Two weeks ago, The Courant reported that state police and Newtown police were traveling throughout the country to discuss details of the shooting response at conferences from Maine to Las Vegas while releasing little information publicly in Connecticut.
At that time, Gov. Dannel P. Malloy and Danbury State's Attorney Stephen Sedensky defended the travel, saying that police were not discussing details of the investigation and that the traveling was not slowing down the probe.
Since that story appeared, Malloy's chief of staff, Mark Ojakian, met with state police officials and told them "to be more deliberative" in choosing whether to attend any of the conferences to discuss the Sandy Hook investigation.
After that meeting, state police officials not only canceled appearances at the two conferences, but also took the unusual step of freeing up the Western District Crime Squad to work solely on the Sandy Hook shooting report.
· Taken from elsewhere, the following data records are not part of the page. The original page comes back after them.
(* Let $1/2<H<1$, let $Z$ be a continuous fractional Brownian motion with Hurst parameter $H$, let $\alpha>0$, $a_t:=H\mathrm{e}^{\alpha t/H}/\alpha$, and $Y^{(\alpha)}_t:=\int_0^t\mathrm{e}^{-\alpha s}\,dZ_{a_s}$ (pathwise Riemann–Stieltjes integral), $t\ge0$. Then the increments of $Y^{(\alpha)}$ are positively correlated, i.e. $\mathbf{E}\big((Y^{(\alpha)}_{t_2}-Y^{(\alpha)}_{t_1})(Y^{(\alpha)}_{s_2}-Y^{(\alpha)}_{s_1})\big)>0$ for all $t_2>t_1\ge0$, $s_2>s_1\ge0$. The increment process $I_Y:=\{Y^{(\alpha)}_{n+1}-Y^{(\alpha)}_n:n=0,1,\dots\}$ is stationary and short range dependent.
   Context: A fractional Brownian motion with Hurst parameter $H$ is a centered Gaussian process on $[0,\infty)$ with covariance $\frac12(t^{2H}+s^{2H}-|t-s|^{2H})$. A stationary second order mean-zero sequence $X=\{X_n\}$ with $\rho_X(n)=\mathbf{E}(X_iX_{i+n})$ is short range dependent if $\lim_{k\to\infty}\sum_{n=0}^k\rho_X(n)$ exists. *)

theory Defs
  imports "HOL-Probability.Probability"
begin

definition has_RS_integral ::
  "(real \<Rightarrow> real) \<Rightarrow> (real \<Rightarrow> real) \<Rightarrow> real \<Rightarrow> real \<Rightarrow> real \<Rightarrow> bool" where
  "has_RS_integral f g a b I \<longleftrightarrow>
     (\<forall>e>0. \<exists>d>0. \<forall>(n::nat) (x::nat \<Rightarrow> real) (\<xi>::nat \<Rightarrow> real).
        x 0 = a \<and> x n = b \<and>
        (\<forall>i<n. x i \<le> \<xi> i \<and> \<xi> i \<le> x (Suc i) \<and> x (Suc i) - x i < d)
        \<longrightarrow> \<bar>(\<Sum>i<n. f (\<xi> i) * (g (x (Suc i)) - g (x i))) - I\<bar> < e)"

definition RS_integral ::
  "(real \<Rightarrow> real) \<Rightarrow> (real \<Rightarrow> real) \<Rightarrow> real \<Rightarrow> real \<Rightarrow> real" where
  "RS_integral f g a b = (THE I. has_RS_integral f g a b I)"

definition gaussian_process :: "'a measure \<Rightarrow> (real \<Rightarrow> 'a \<Rightarrow> real) \<Rightarrow> bool" where
  "gaussian_process M Z \<longleftrightarrow>
     (\<forall>(n::nat) (t::nat \<Rightarrow> real) (c::nat \<Rightarrow> real). (\<forall>i<n. t i \<ge> 0) \<longrightarrow>
        (\<exists>\<mu> \<sigma>. (\<sigma> > 0 \<and> distributed M lborel (\<lambda>\<omega>. \<Sum>i<n. c i * Z (t i) \<omega>) (normal_density \<mu> \<sigma>))
              \<or> (AE \<omega> in M. (\<Sum>i<n. c i * Z (t i) \<omega>) = \<mu>)))"

definition continuous_fBm :: "'a measure \<Rightarrow> real \<Rightarrow> (real \<Rightarrow> 'a \<Rightarrow> real) \<Rightarrow> bool" where
  "continuous_fBm M H Z \<longleftrightarrow>
     prob_space M \<and>
     (\<forall>t\<ge>0. Z t \<in> borel_measurable M) \<and>
     gaussian_process M Z \<and>
     (\<forall>t\<ge>0. integrable M (Z t) \<and> (\<integral>\<omega>. Z t \<omega> \<partial>M) = 0) \<and>
     (\<forall>s\<ge>0. \<forall>t\<ge>0. integrable M (\<lambda>\<omega>. Z t \<omega> * Z s \<omega>) \<and>
        (\<integral>\<omega>. Z t \<omega> * Z s \<omega> \<partial>M) = (t powr (2*H) + s powr (2*H) - \<bar>t - s\<bar> powr (2*H)) / 2) \<and>
     (\<forall>\<omega>\<in>space M. continuous_on {0..} (\<lambda>t. Z t \<omega>))"

end

(*
  Integrating by parts, Y w - Y u is the pathwise limit of Riemann--Stieltjes sums over uniform
  grids, which are finite combinations of increments of Z o a.  Their covariances are double sums
  of the fBm increment kernel against positive exponential weights.  For 2H > 1 the kernel is
  nonnegative (convexity of |x| powr 2H) and it telescopes, so every such covariance lies between
  e^(-alpha (w + w')) K and e^(-alpha u') K, where K is the kernel of the two whole intervals.
  Gaussian fourth moments bound the products of grid sums uniformly in L2, so covariances pass to
  the limit: this gives positive correlation.  Stationarity comes from a (t + s) = e^(alpha s/H) a t
  and the 2H-homogeneity of the kernel, and the upper bound decays geometrically, at the rate
  e^(alpha (H - 1) / H) per unit lag, which gives short range dependence.
*)
theory Submission
  imports Defs
begin

section \<open>Riemann--Stieltjes integrals against an exponential weight\<close>

lemma has_integral_exp_neg_scaled:
  fixes \<alpha> a b :: real
  assumes "a \<le> b"
  shows "((\<lambda>s. \<alpha> * exp (- \<alpha> * s)) has_integral (exp (- \<alpha> * a) - exp (- \<alpha> * b))) {a..b}"
proof -
  have "((\<lambda>s. \<alpha> * exp (- \<alpha> * s)) has_integral
      ((\<lambda>s. - exp (- \<alpha> * s)) b - (\<lambda>s. - exp (- \<alpha> * s)) a)) {a..b}"
    by (rule fundamental_theorem_of_calculus[OF assms])
      (auto intro!: derivative_eq_intros simp: has_real_derivative_iff_has_vector_derivative[symmetric])
  then show ?thesis by simp
qed

text \<open>Integration by parts: the Riemann--Stieltjes integral of \<open>exp (- \<alpha> * s)\<close> against a
  continuous \<open>g\<close> over \<open>[u, w]\<close>.\<close>
definition RS_exp_by_parts :: "real \<Rightarrow> (real \<Rightarrow> real) \<Rightarrow> real \<Rightarrow> real \<Rightarrow> real" where
  "RS_exp_by_parts \<alpha> g u w = exp (- \<alpha> * w) * g w - exp (- \<alpha> * u) * g u
      + integral {u..w} (\<lambda>s. \<alpha> * exp (- \<alpha> * s) * g s)"

lemma RS_exp_by_parts_add:
  assumes "u \<le> v" "v \<le> w" "continuous_on {u..w} g"
  shows "RS_exp_by_parts \<alpha> g u v + RS_exp_by_parts \<alpha> g v w = RS_exp_by_parts \<alpha> g u w"
proof -
  have "continuous_on {u..w} (\<lambda>s. \<alpha> * exp (- \<alpha> * s) * g s)"
    using assms(3) by (intro continuous_intros) auto
  then have "integral {u..v} (\<lambda>s. \<alpha> * exp (- \<alpha> * s) * g s) + integral {v..w} (\<lambda>s. \<alpha> * exp (- \<alpha> * s) * g s)
      = integral {u..w} (\<lambda>s. \<alpha> * exp (- \<alpha> * s) * g s)"
    using Henstock_Kurzweil_Integration.integral_combine[OF assms(1,2) integrable_continuous_real] by blast
  then show ?thesis unfolding RS_exp_by_parts_def by linarith
qed

lemma partition_mono:
  fixes x :: "nat \<Rightarrow> real"
  assumes "\<And>i. i < n \<Longrightarrow> x i \<le> x (Suc i)" "i \<le> j" "j \<le> n"
  shows "x i \<le> x j"
  by (rule lift_Suc_mono_le_ivl[of "{..<n}"]) (use assms in auto)

lemma RS_exp_by_parts_partition:
  fixes x :: "nat \<Rightarrow> real"
  assumes mono: "\<And>i. i < n \<Longrightarrow> x i \<le> x (Suc i)" and g: "continuous_on {x 0..x n} g"
  shows "(\<Sum>i<n. RS_exp_by_parts \<alpha> g (x i) (x (Suc i))) = RS_exp_by_parts \<alpha> g (x 0) (x n)"
proof -
  have "(\<Sum>i<k. RS_exp_by_parts \<alpha> g (x i) (x (Suc i))) = RS_exp_by_parts \<alpha> g (x 0) (x k)"
    if "k \<le> n" for k
    using that
  proof (induction k)
    case 0
    then show ?case by (simp add: RS_exp_by_parts_def)
  next
    case (Suc k)
    have "x 0 \<le> x k" "x k \<le> x (Suc k)" "x (Suc k) \<le> x n"
      using partition_mono[of n x, OF mono] Suc.prems by auto
    moreover have "continuous_on {x 0..x (Suc k)} g"
      by (rule continuous_on_subset[OF g]) (use calculation in auto)
    ultimately show ?case using Suc RS_exp_by_parts_add by simp
  qed
  then show ?thesis by simp
qed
That crime squad is in charge of the police investigation into the massacre.
The state police's two other crime squads will split duties in handling any new criminal cases that might come up in the next few weeks in the Western District, sources said.
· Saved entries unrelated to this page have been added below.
theorem theorem1p4:
  fixes k s :: nat and \<eta> :: real
  assumes "k \<ge> 3" and "s \<ge> 2 * k" and "\<eta> > 0"
  shows "\<exists>c::real. c > 0 \<and>
    (\<forall>A::real. A \<ge> 1 \<longrightarrow>
      real (card {a :: int list. length a = s \<and> (\<forall>i\<in>set a. i \<noteq> 0) \<and>
                 real_of_int (supnorm a) \<le> A \<and>
                 (\<exists>x :: int list. length x = s \<and> 0 < supnorm x \<and>
                    real_of_int (supnorm x) \<le> c * (real_of_int (supnorm a)) powr (1 / (real s - real k)) \<and>
                    diag_form k a x = 0)})
      \<le> \<eta> * A ^ s)"
proof -
  define K where "K = 2 * real s * 27 ^ s"
  define c where "c = min 1 (\<eta> / K)"
  have "K > 0" using assms by (simp add: K_def)
  with assms(3) have "0 < c" "c \<le> 1" "K * c \<le> \<eta>"
    by (auto simp: c_def min_def field_simps)
  moreover have "1 \<le> k" "2 * k \<le> s" using assms by auto
  ultimately show ?thesis
    by (intro exI[of _ c] conjI card_coeffs_with_small_zero_le) (auto simp: K_def)
qed

end
(* There is a family $\mathcal{H}$ of countably infinite $G_\delta$-subsets of the Euclidean real line $\mathbb{R}$ such that $|\mathcal{H}|=\mathfrak{c}$ and any two distinct members of $\mathcal{H}$ are non-homeomorphic as subspaces of $\mathbb{R}$.
   Context: $\mathfrak{c}=|\mathbb{R}|$. *)

theory Defs
  imports "HOL-Analysis.Analysis" "HOL-Library.Equipollence"
begin

end

theory Submission
  imports Defs
begin

(* The ranks r for which some
  point of the r-th but not the (r+1)-st derived set of A has no compact neighbourhood in A form
  a topological invariant of A.

  Let tower m be {0} together with a sequence of shrunken copies of tower (m - 1) converging to 0,
  a countable compact set whose m-th derived set is {0}. The punctured cluster of rank m is built
  the same way from copies of tower m with their top points removed; the removed points accumulate
  at 0, so it is locally compact except at 0, which has rank m. For S a set of naturals, placing
  the punctured cluster of rank n + 1 at 3n when n is in S, and a single point there otherwise,
  gives a countable set that is a closed set minus a countable set, hence G_delta, and whose
  invariant is S + 1. So we obtain continuum many pairwise non-homeomorphic such sets. *)

section \<open>Derived sets and local compactness\<close>

definition derived :: "'a::topological_space set \<Rightarrow> 'a set" where
  "derived A = {x \<in> A. x islimpt A}"

definition locally_compact_at :: "'a::topological_space set \<Rightarrow> 'a \<Rightarrow> bool" where
  "locally_compact_at A x \<longleftrightarrow> (\<exists>U K. open U \<and> x \<in> U \<and> compact K \<and> K \<subseteq> A \<and> U \<inter> A \<subseteq> K)"

definition nonlc_ranks :: "'a::topological_space set \<Rightarrow> nat set" where
  "nonlc_ranks A =
     {r. \<exists>x \<in> (derived ^^ r) A - (derived ^^ Suc r) A. \<not> locally_compact_at A x}"

lemma derived_subset: "derived A \<subseteq> A"
  by (auto simp: derived_def)

lemma derived_iterate_subset: "(derived ^^ r) A \<subseteq> A"
  by (induction r) (use derived_subset in auto)

lemma derived_iterate_antimono: "r \<le> s \<Longrightarrow> (derived ^^ s) A \<subseteq> (derived ^^ r) A"
proof (induction s)
  case (Suc s)
  then show ?case
    using derived_subset by (auto simp: le_Suc_eq)
qed simp

lemma derived_finite:
  fixes A :: "'a::t1_space set"
  shows "finite A \<Longrightarrow> derived A = {}"
  by (auto simp: derived_def islimpt_finite)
Sedensky had originally said that he hoped the report could be done by the end of June. He has since said it will be completed by the fall.
Lt. David Delvecchia, who heads the Western District Crime Squad, and Lt. William Baldwin, head of the Central District Crime Squad, were scheduled to speak at the Association of Threat Assessment Professionals' annual conference at Disneyland on Wednesday.
The appearance was billed as one of the key events of the three-day conference. Their topic was to be "Active Shooters: Lessons from Sandy Hook and Beyond." The synopsis promised that they would offer a "review of the tragic events at Sandy Hook Elementary School to help law enforcement and schools prepare for catastrophic acts of violence."
The third speaker, FBI profiler Andre Simon, who sources said has been working with state police to build a profile of shooter Adam Lanza, is still scheduled to speak at the Disneyland conference. Lanza shot his mother before arriving at the school, where he killed himself.
Delvecchia and Sgt. Joshua Pattberg were originally listed as keynote speakers on Thursday at a conference in Dallas sponsored by the Dallas Children's Advocacy Center.
Their topic was supposed to be "Lessons Learned from the Sandy Hook Elementary School Shooting." On the advocacy center's Web page, the group's CEO writes: "We will again take you behind the scenes of many notable cases, such as the Sandy Hook Elementary School shooting, which details what happened in Newtown, Connecticut, on the day 20 children and six adults were murdered by Adam Lanza."
Organizers of the two conferences did not return calls Tuesday regarding the cancellations.
Although the state police officers are no longer speaking at the Dallas conference, Newtown police will be featured.
Newtown Sgt. David Kullgren will be talking about the lessons learned from the school shooting. Kullgren's talk is titled, "Responding to the Active Shooting at Sandy Hook Elementary School," and is supposed to educate fellow law enforcement officials on lessons learned about the initial law enforcement response.
Sedensky said he considers the Newtown officers witnesses and not part of the investigative team, so they are not under any limitations as far as speaking at conferences.
In March, Sedensky, who will issue the final investigative report on the shooting, ordered police to stop discussing details of the investigation at conferences. The ban was instituted after the New York Daily News reported that state police Col. Danny Stebbins told New Orleans conference attendees that Lanza had created a spreadsheet of mass killings going back 30 years.
"To prevent such disclosure in the future, I have instructed that any and all such presentations involving evidence in the criminal investigation be ceased while the investigation is pending and my report is still outstanding," Sedensky said at the time.
Sedensky had said that state police have showed him their conference presentations in advance and that he has no issue with them speaking throughout the country.